Nothing past the line containing "foldr red_cons w" belongs in the output. Copy exactly every line of the data below from the first up to and including it.

Stored items:
########################################
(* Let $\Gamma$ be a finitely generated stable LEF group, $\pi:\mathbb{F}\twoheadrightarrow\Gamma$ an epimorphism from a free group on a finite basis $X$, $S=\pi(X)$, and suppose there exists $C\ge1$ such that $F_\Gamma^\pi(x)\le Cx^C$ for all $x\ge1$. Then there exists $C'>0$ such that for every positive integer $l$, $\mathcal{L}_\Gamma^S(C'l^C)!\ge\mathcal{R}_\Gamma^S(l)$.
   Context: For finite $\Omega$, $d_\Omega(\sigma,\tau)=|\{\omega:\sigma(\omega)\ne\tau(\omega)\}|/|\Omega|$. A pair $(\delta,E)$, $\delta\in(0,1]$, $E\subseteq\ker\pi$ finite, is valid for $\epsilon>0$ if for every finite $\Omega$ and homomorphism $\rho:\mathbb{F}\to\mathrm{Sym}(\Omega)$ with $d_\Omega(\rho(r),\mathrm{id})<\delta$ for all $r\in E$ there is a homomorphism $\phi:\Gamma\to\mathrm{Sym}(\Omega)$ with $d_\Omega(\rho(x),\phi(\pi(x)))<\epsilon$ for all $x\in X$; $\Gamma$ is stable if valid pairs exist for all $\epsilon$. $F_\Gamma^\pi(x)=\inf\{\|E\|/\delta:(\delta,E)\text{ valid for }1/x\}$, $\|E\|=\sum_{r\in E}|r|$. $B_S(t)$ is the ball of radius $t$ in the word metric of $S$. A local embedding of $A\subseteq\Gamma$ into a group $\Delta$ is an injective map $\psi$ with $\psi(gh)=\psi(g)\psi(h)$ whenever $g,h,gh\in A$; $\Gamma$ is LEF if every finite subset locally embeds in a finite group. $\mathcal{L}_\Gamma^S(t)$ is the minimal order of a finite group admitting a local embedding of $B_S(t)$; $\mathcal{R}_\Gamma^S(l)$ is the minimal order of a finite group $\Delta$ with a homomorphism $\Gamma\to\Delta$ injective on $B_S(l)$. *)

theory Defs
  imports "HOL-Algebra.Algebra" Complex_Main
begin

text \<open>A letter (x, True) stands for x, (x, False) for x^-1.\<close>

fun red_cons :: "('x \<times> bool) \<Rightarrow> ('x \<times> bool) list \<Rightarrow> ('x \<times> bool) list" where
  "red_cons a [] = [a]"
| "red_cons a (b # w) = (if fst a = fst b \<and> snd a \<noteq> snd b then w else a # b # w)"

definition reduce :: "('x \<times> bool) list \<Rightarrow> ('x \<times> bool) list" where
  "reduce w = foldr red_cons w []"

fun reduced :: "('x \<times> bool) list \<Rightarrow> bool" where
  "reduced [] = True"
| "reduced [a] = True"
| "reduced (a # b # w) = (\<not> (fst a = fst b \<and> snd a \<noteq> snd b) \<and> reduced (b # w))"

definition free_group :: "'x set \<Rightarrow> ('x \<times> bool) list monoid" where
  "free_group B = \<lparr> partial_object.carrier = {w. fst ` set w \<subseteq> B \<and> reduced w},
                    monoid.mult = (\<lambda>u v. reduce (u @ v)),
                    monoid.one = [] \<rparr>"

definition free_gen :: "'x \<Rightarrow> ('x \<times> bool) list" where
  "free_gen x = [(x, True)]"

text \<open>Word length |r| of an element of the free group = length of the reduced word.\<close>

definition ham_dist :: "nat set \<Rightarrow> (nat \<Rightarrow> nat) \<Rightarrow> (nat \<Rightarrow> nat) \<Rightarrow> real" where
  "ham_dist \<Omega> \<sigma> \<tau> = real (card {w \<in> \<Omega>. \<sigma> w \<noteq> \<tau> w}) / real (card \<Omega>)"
########################################
◆ OUTPUT FOR THIS TASK:
(* Let $\Gamma$ be a finitely generated stable LEF group, $\pi:\mathbb{F}\twoheadrightarrow\Gamma$ an epimorphism from a free group on a finite basis $X$, $S=\pi(X)$, and suppose there exists $C\ge1$ such that $F_\Gamma^\pi(x)\le Cx^C$ for all $x\ge1$. Then there exists $C'>0$ such that for every positive integer $l$, $\mathcal{L}_\Gamma^S(C'l^C)!\ge\mathcal{R}_\Gamma^S(l)$.
   Context: For finite $\Omega$, $d_\Omega(\sigma,\tau)=|\{\omega:\sigma(\omega)\ne\tau(\omega)\}|/|\Omega|$. A pair $(\delta,E)$, $\delta\in(0,1]$, $E\subseteq\ker\pi$ finite, is valid for $\epsilon>0$ if for every finite $\Omega$ and homomorphism $\rho:\mathbb{F}\to\mathrm{Sym}(\Omega)$ with $d_\Omega(\rho(r),\mathrm{id})<\delta$ for all $r\in E$ there is a homomorphism $\phi:\Gamma\to\mathrm{Sym}(\Omega)$ with $d_\Omega(\rho(x),\phi(\pi(x)))<\epsilon$ for all $x\in X$; $\Gamma$ is stable if valid pairs exist for all $\epsilon$. $F_\Gamma^\pi(x)=\inf\{\|E\|/\delta:(\delta,E)\text{ valid for }1/x\}$, $\|E\|=\sum_{r\in E}|r|$. $B_S(t)$ is the ball of radius $t$ in the word metric of $S$. A local embedding of $A\subseteq\Gamma$ into a group $\Delta$ is an injective map $\psi$ with $\psi(gh)=\psi(g)\psi(h)$ whenever $g,h,gh\in A$; $\Gamma$ is LEF if every finite subset locally embeds in a finite group. $\mathcal{L}_\Gamma^S(t)$ is the minimal order of a finite group admitting a local embedding of $B_S(t)$; $\mathcal{R}_\Gamma^S(l)$ is the minimal order of a finite group $\Delta$ with a homomorphism $\Gamma\to\Delta$ injective on $B_S(l)$. *)

theory Defs
  imports "HOL-Algebra.Algebra" Complex_Main
begin

text \<open>A letter (x, True) stands for x, (x, False) for x^-1.\<close>

fun red_cons :: "('x \<times> bool) \<Rightarrow> ('x \<times> bool) list \<Rightarrow> ('x \<times> bool) list" where
  "red_cons a [] = [a]"
| "red_cons a (b # w) = (if fst a = fst b \<and> snd a \<noteq> snd b then w else a # b # w)"

definition reduce :: "('x \<times> bool) list \<Rightarrow> ('x \<times> bool) list" where
  "reduce w = foldr red_cons w []"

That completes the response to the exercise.